Let me tell a story, a true story, in order to point a moral. In a lumber camp in the West, a group of radical lumberjacks — men from the ends of the land — were one evening discussing the sad state of the world, and especially the wickedness of the Government. They agreed, unanimously, that our Government is all wrong, if not actually rotten, a dirty, capitalistic conspiracy against the rights of the man who works. They said that it ought to be torn to pieces and made over again. Among them was a young minister, a missionary, who listened to their talk, and even drew it out at full length by the questions he asked. Finally, pretending to agree with the radical ideas, he wrote on a piece of paper the following which he proposed as a basis of a just state:
"We, the people, in order to form a more perfect union, establish justice, insure domestic tranquillity, provide for the common defense, promote the general welfare, and secure the blessings of liberty to ourselves and our posterity, do ordain and establish this Constitution."
"That's the stuff! Hit 'em again," they yelled. "If we had a Government built on that dope, every feller would have a square deal, and a chance to live a bit. Some head you got Padre; go on, give us more."
"Listen boys," said the Padre; "What I read is the Preamble to the Constitution of the United States. If we tore everything to pieces and set out to make it all over, do you think we could do a better job?"

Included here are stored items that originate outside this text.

lemma tail_integral_le_nn_integral:
  assumes N: "N \<ge> 1" and p: "p \<ge> 1" and s: "s > 0"
  shows "(\<integral>\<^sup>+x. emeasure (pitilde f Y y \<epsilon> N x) {s..} \<partial>piABC \<nu> X f Y y \<epsilon>)
           \<le> (\<integral>\<^sup>+x. ennreal (indicator X x * \<nu> x * lik x / normaliser)
                    * ennreal ((1 + (real p + 1)^2 / (real N * lik x ^ p)) * s powr - real p) \<partial>lborel)"
proof -
  define d where "d = (\<lambda>x. ennreal (indicator X x * \<nu> x * lik x / normaliser))"
  define h where "h = (\<lambda>x. ennreal ((1 + (real p + 1)^2 / (real N * lik x ^ p)) * s powr - real p))"
  have d_meas: "d \<in> borel_measurable lborel" and h_meas: "h \<in> borel_measurable lborel"
    unfolding d_def h_def by measurable
  have "(\<integral>\<^sup>+x. emeasure (pitilde f Y y \<epsilon> N x) {s..} \<partial>piABC \<nu> X f Y y \<epsilon>) \<le> (\<integral>\<^sup>+x. h x \<partial>density lborel d)"
    unfolding piABC_eq d_def[symmetric]
  proof (rule nn_integral_mono_AE)
    show "AE x in density lborel d. emeasure (pitilde f Y y \<epsilon> N x) {s..} \<le> h x"
    proof (subst AE_density[OF d_meas], intro AE_I2 impI)
      fix x assume "0 < d x"
      then have "x \<in> X" by (cases "x \<in> X") (auto simp: d_def)
      then show "emeasure (pitilde f Y y \<epsilon> N x) {s..} \<le> h x"
        unfolding h_def using pitilde_tail_le N p s by blast
    qed
  qed
  also have "\<dots> = (\<integral>\<^sup>+x. d x * h x \<partial>lborel)"
    using d_meas h_meas by (rule nn_integral_density)
  finally show ?thesis unfolding d_def h_def .
qed
lemma bilinear_on_lincomb_right:
  "bilinear_on P Q B \<Longrightarrow> u \<in> P \<Longrightarrow> v1 \<in> Q \<Longrightarrow> v2 \<in> Q \<Longrightarrow>
    B u (\<lambda>y. a * v1 y + b * v2 y) = a * B u v1 + b * B u v2"
  by (simp add: bilinear_on_def)

lemma bilinear_on_scale_right:
  "bilinear_on P Q B \<Longrightarrow> u \<in> P \<Longrightarrow> v \<in> Q \<Longrightarrow> B u (\<lambda>y. a * v y) = a * B u v"
  using bilinear_on_lincomb_right[of P Q B u v v a 0] by simp

lemma bilinear_on_sum_left:
  assumes P: "lin_closed P" and B: "bilinear_on P Q B"
    and "finite K" "v \<in> Q" "\<And>k. k \<in> K \<Longrightarrow> u k \<in> P"
  shows "B (\<lambda>x. \<Sum>k\<in>K. c k * u k x) v = (\<Sum>k\<in>K. c k * B (u k) v)"
  using assms(3,5)
proof (induction K rule: finite_induct)
  case empty
  have "(\<lambda>_. 0) \<in> P"
    using P by (simp add: lin_closed_def)
  then show ?case
    using bilinear_on_lincomb_left[OF B _ _ \<open>v \<in> Q\<close>, of "\<lambda>_. 0" "\<lambda>_. 0" 0 0] by simp
next
  case (insert k K)
  then have "(\<lambda>x. \<Sum>k\<in>K. c k * u k x) \<in> P"
    by (intro lin_closed_sum[OF P]) auto
  then show ?case
    using insert bilinear_on_lincomb_left[OF B _ _ \<open>v \<in> Q\<close>, of "u k" "\<lambda>x. \<Sum>k\<in>K. c k * u k x" "c k" 1]
    by simp
qed

lemma bilinear_on_sum_absorb:
  assumes P: "lin_closed P" and B: "bilinear_on P Q B" and K: "finite K" "k0 \<notin> K"
    and u: "\<And>k. k \<in> K \<Longrightarrow> u k \<in> P" and v: "\<And>k. k \<in> K \<Longrightarrow> v k \<in> Q" "v k0 \<in> Q"
    and u0: "u k0 = (\<lambda>g. \<Sum>k\<in>K. c k * u k g)"
  shows "(\<Sum>k\<in>insert k0 K. u k g * v k h) = (\<Sum>k\<in>K. u k g * (v k h + c k * v k0 h))"
    and "(\<Sum>k\<in>insert k0 K. B (u k) (v k)) = (\<Sum>k\<in>K. B (u k) (\<lambda>h. v k h + c k * v k0 h))"
proof -
  show "(\<Sum>k\<in>insert k0 K. u k g * v k h) = (\<Sum>k\<in>K. u k g * (v k h + c k * v k0 h))"
    using K by (simp add: u0 algebra_simps sum.distrib sum_distrib_left)
  have "B (u k) (\<lambda>h. v k h + c k * v k0 h) = B (u k) (v k) + c k * B (u k) (v k0)" if "k \<in> K" for k
    using bilinear_on_lincomb_right[OF B u[OF that] v(1)[OF that] v(2), of 1 "c k"] by simp
  moreover have "B (u k0) (v k0) = (\<Sum>k\<in>K. c k * B (u k) (v k0))"
    unfolding u0 by (rule bilinear_on_sum_left[OF P B K(1) v(2) u])
  ultimately show "(\<Sum>k\<in>insert k0 K. B (u k) (v k)) = (\<Sum>k\<in>K. B (u k) (\<lambda>h. v k h + c k * v k0 h))"
    using K by (simp add: sum.distrib)
qed

text \<open>The universal property of the algebraic tensor product.  If \<open>v k0\<close> does not vanish at
  \<open>h0\<close>, evaluating the hypothesis at \<open>h0\<close> writes \<open>u k0\<close> as a combination of the other
  \<open>u k\<close>, and the term with index \<open>k0\<close> is absorbed into the remaining \<open>v k\<close>.\<close>
lemma bilinear_on_sum_eq_zero:
  assumes P: "lin_closed P" and Q: "lin_closed Q" and B: "bilinear_on P Q B" and "finite K"
  shows "(\<And>k. k \<in> K \<Longrightarrow> u k \<in> P) \<Longrightarrow> (\<And>k. k \<in> K \<Longrightarrow> v k \<in> Q) \<Longrightarrow>
    (\<And>g h. (\<Sum>k\<in>K. u k g * v k h) = 0) \<Longrightarrow> (\<Sum>k\<in>K. B (u k) (v k)) = 0"
  using \<open>finite K\<close>
proof (induction K arbitrary: v rule: finite_induct)
  case empty
  then show ?case by simp
next
  case (insert k0 K)
  have u: "\<And>k. k \<in> K \<Longrightarrow> u k \<in> P" "u k0 \<in> P" and v: "\<And>k. k \<in> K \<Longrightarrow> v k \<in> Q" "v k0 \<in> Q"
    using insert.prems by auto
  have zero: "(\<Sum>k\<in>K. u k g * v k h) + u k0 g * v k0 h = 0" for g h
    using insert.prems(3)[of g h] insert.hyps by (simp add: add.commute)
  show ?case
  proof (cases "\<forall>h. v k0 h = 0")
    case True
    then have "(\<Sum>k\<in>K. B (u k) (v k)) = 0"
      using zero by (intro insert.IH u v) auto
    moreover have "v k0 = (\<lambda>h. 0 * v k0 h)"
      using True by (simp add: fun_eq_iff)
    then have "B (u k0) (v k0) = 0"
      using bilinear_on_scale_right[OF B u(2) v(2), of 0] by simp
    ultimately show ?thesis
      using insert.hyps by simp
  next
    case False
    then obtain h0 where h0: "v k0 h0 \<noteq> 0"
      by blast
    define c where "c k = - v k h0 / v k0 h0" for k
    have u0: "u k0 = (\<lambda>g. \<Sum>k\<in>K. c k * u k g)"
    proof
      show "u k0 g = (\<Sum>k\<in>K. c k * u k g)" for g
        using zero[of g h0] h0
        by (simp add: c_def sum_divide_distrib[symmetric] sum_negf field_simps add_eq_0_iff)
    qed
    note absorb = bilinear_on_sum_absorb[where u = u and v = v, OF P B insert.hyps u(1) v u0]
    have "(\<Sum>k\<in>K. B (u k) (\<lambda>h. v k h + c k * v k0 h)) = 0"
    proof (rule insert.IH[OF u(1)])
      show "(\<lambda>h. v k h + c k * v k0 h) \<in> Q" if "k \<in> K" for k
        using lin_closed_lincomb[OF Q v(1)[OF that] v(2), of 1 "c k"] by simp
      show "(\<Sum>k\<in>K. u k g * (v k h + c k * v k0 h)) = 0" for g h
        using absorb(1)[of g h] insert.prems(3)[of g h] by simp
    qed
    then show ?thesis
      using absorb(2) by simp
  qed
qed

lemma bilinear_on_sum_eq:
  assumes P: "lin_closed P" and Q: "lin_closed Q" and B: "bilinear_on P Q B"
    and fin: "finite K" "finite K'"
    and u: "\<And>k. k \<in> K \<Longrightarrow> u k \<in> P" "\<And>k. k \<in> K' \<Longrightarrow> u' k \<in> P"
    and v: "\<And>k. k \<in> K \<Longrightarrow> v k \<in> Q" "\<And>k. k \<in> K' \<Longrightarrow> v' k \<in> Q"
    and eq: "\<And>g h. (\<Sum>k\<in>K. u k g * v k h) = (\<Sum>k\<in>K'. u' k g * v' k h)"
  shows "(\<Sum>k\<in>K. B (u k) (v k)) = (\<Sum>k\<in>K'. B (u' k) (v' k))"
proof -
  define U where "U = case_sum u u'"
  define V where "V = case_sum v (\<lambda>k h. - v' k h)"
  have "(\<Sum>k\<in>K <+> K'. B (U k) (V k)) = 0"
  proof (rule bilinear_on_sum_eq_zero[OF P Q B finite_Plus[OF fin]])
    show "U k \<in> P" "V k \<in> Q" if "k \<in> K <+> K'" for k
      using that u v lin_closed_uminus[OF Q] by (auto simp: U_def V_def)
    show "(\<Sum>k\<in>K <+> K'. U k g * V k h) = 0" for g h
      using eq[of g h] fin by (simp add: sum.Plus U_def V_def sum_negf)
  qed
  moreover have "B (u' k) (\<lambda>h. - v' k h) = - B (u' k) (v' k)" if "k \<in> K'" for k
    using bilinear_on_scale_right[OF B u(2)[OF that] v(2)[OF that], of "-1"] by simp
  ultimately show ?thesis
    using fin by (simp add: sum.Plus U_def V_def sum_negf)
qed
(* Let $(x^k)_{k\in\mathcal{K}}\in\mathcal{X}=\prod_{k\in\mathcal{K}}\mathcal{X}^k$. The following statements are equivalent: (a) $(x^k)$ is bilevel feasible; (b) $\sum_{k\in\mathcal{K}}c^\top x^k=g\bigl(\sum_{k\in\mathcal{K}}x^k_{\mathcal{A}_1}\bigr)$; (c) each $x^k$ is individually bilevel feasible, and $g\bigl(\sum_{k\in\mathcal{K}}x^k_{\mathcal{A}_1}\bigr)=\sum_{k\in\mathcal{K}}g^k(x^k_{\mathcal{A}_1})$; (d) there exists $t\ge0$ such that $f(t)=\sum_{k\in\mathcal{K}}\bigl(c^\top x^k+t^\top x^k_{\mathcal{A}_1}\bigr)$; (e) there exists $t\ge0$ such that $f^k(t)=c^\top x^k+t^\top x^k_{\mathcal{A}_1}$ for all $k\in\mathcal{K}$.
   Context: Multi-commodity network pricing setting: $G=(\mathcal{V},\mathcal{A})$ directed graph with arc costs $c\ge0$, nonempty tolled arc set $\mathcal{A}_1\subsetneq\mathcal{A}$, $n=|\mathcal{A}_1|$, $N$ node–arc incidence matrix; finite set $\mathcal{K}$ of commodities, commodity $k$ having origin $o^k$ and destination $d^k$ connected by a path of arcs not in $\mathcal{A}_1$; $b^k_{o^k}=1$, $b^k_{d^k}=-1$, other entries $0$; $\mathcal{X}^k=\{x\in\mathbb{R}^{\mathcal{A}}: Nx=b^k,\ x\ge0\}$; $x_{\mathcal{A}_1}$ is the restriction of $x$ to $\mathcal{A}_1$. For $t\in\mathbb{R}^n$ let $f^k(t)=\min\{c^\top x+t^\top x_{\mathcal{A}_1}: x\in\mathcal{X}^k\}$ if $t\ge0$ and $f^k(t)=-\infty$ otherwise; $f=\sum_{k\in\mathcal{K}}f^k$; $g^k(w)=\sup_{t\in\mathbb{R}^n}\{f^k(t)-t^\top w\}$ and $g(w)=\sup_{t\in\mathbb{R}^n}\{f(t)-t^\top w\}$. A composed reaction $(x^k)\in\mathcal{X}$ is bilevel feasible when $\sum_k c^\top x^k=g(\sum_k x^k_{\mathcal{A}_1})$. A single $x^k\in\mathcal{X}^k$ is individually bilevel feasible when the hyperplane $\{(t,z): z=-c^\top x^k-t^\top x^k_{\mathcal{A}_1}\}$ supports $\operatorname{epi}(-f^k)$ (i.e. $\operatorname{epi}(-f^k)$ lies in $\{z\ge -c^\top x^k-t^\top x^k_{\mathcal{A}_1}\}$ and meets the hyperplane). *)

theory Defs
  imports Complex_Main "HOL-Library.Extended_Real"
begin
lemma ball_e_ereal: "ball_e x (ereal r) = ball x r"
  by (auto simp: ball_e_def dist_commute)

locale volterra_setting = singular_kernel Em u_m \<sigma>
  for Em :: "real \<Rightarrow> 'm::banach \<Rightarrow> 'f::banach" and u_m \<sigma> +
  fixes SF :: "real \<Rightarrow> 'f \<Rightarrow> 'f" and P :: "'f \<Rightarrow> real \<Rightarrow> 'm" and D :: "('f \<times> real) set"
  assumes SF_continuous: "continuous_on (UNIV \<times> {0..}) (\<lambda>(f, t). SF t f)"
    and SF_zero: "\<And>f. SF 0 f = f"
    and D_semi_open: "\<And>g s. (g, s) \<in> D \<Longrightarrow>
      \<exists>\<delta> r::ereal. 0 < \<delta> \<and> 0 < r \<and> ball_e g r \<times> Ico_e s (ereal s + \<delta>) \<subseteq> D"
    and P_Lipschitz_on_compact: "\<And>C. closed C \<Longrightarrow> bounded C \<Longrightarrow> C \<subseteq> D \<Longrightarrow>
      \<exists>L M. 0 \<le> L \<and> 0 \<le> M \<and> (\<forall>(f, t)\<in>C. \<forall>(f', t')\<in>C.
        norm (P f t - P f' t') \<le> L * norm (f - f') + M * \<bar>t - t'\<bar>)"
begin

lemma continuous_on_SF_shift:
  assumes "\<And>t. t \<in> A \<Longrightarrow> t0 \<le> t"
  shows "continuous_on A (\<lambda>t. SF (t - t0) f0)"
proof -
  have "continuous_on A (\<lambda>t. (\<lambda>(f, t). SF t f) (f0, t - t0))"
    by (rule continuous_on_compose2[OF SF_continuous]) (use assms in \<open>auto intro!: continuous_intros\<close>)
  then show ?thesis
    by simp
qed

The missionary himself told me the story, adding that as he listened to the talk of the evening — earnest, passionate and bitter — he himself was inclined to agree with much of it, until he began to consider how a better state could be constructed. This led him to think of the Constitution, its wisdom and poise and justice; and the wonder of it dawned on him like a revelation. He remembered the saying of Hamilton, that it is of great importance, not only to guard against the oppression of rulers, but also to protect one part of society from the injustices of another part. He recalled his very words:
"Justice is the end of Government. It is the end of civil society. It ever has been, and ever will be pursued until it be obtained, or until liberty be lost in the pursuit."
As Lincoln put it, between those who will "Let Nothing Alone" and those who will allow no change at all, there is a middle way of wise and cautious advance. He approved the praise of Burke for those men in Public life who have "Disposition to conserve and the ability to improve," adding that we must have not only the wish but the ability to improve, else we shall lose what we have while blunderingly trying to get what we want.
To defend, preserve and obey the Constitution of our Republic is the first obligation of every citizen, as it is the first oath of every officer. To teach its history and meaning is the duty of school and church and lodge — making it the Bible of our Political Religion; and to observe its birthday ought to be a universal festival from end to end of the land.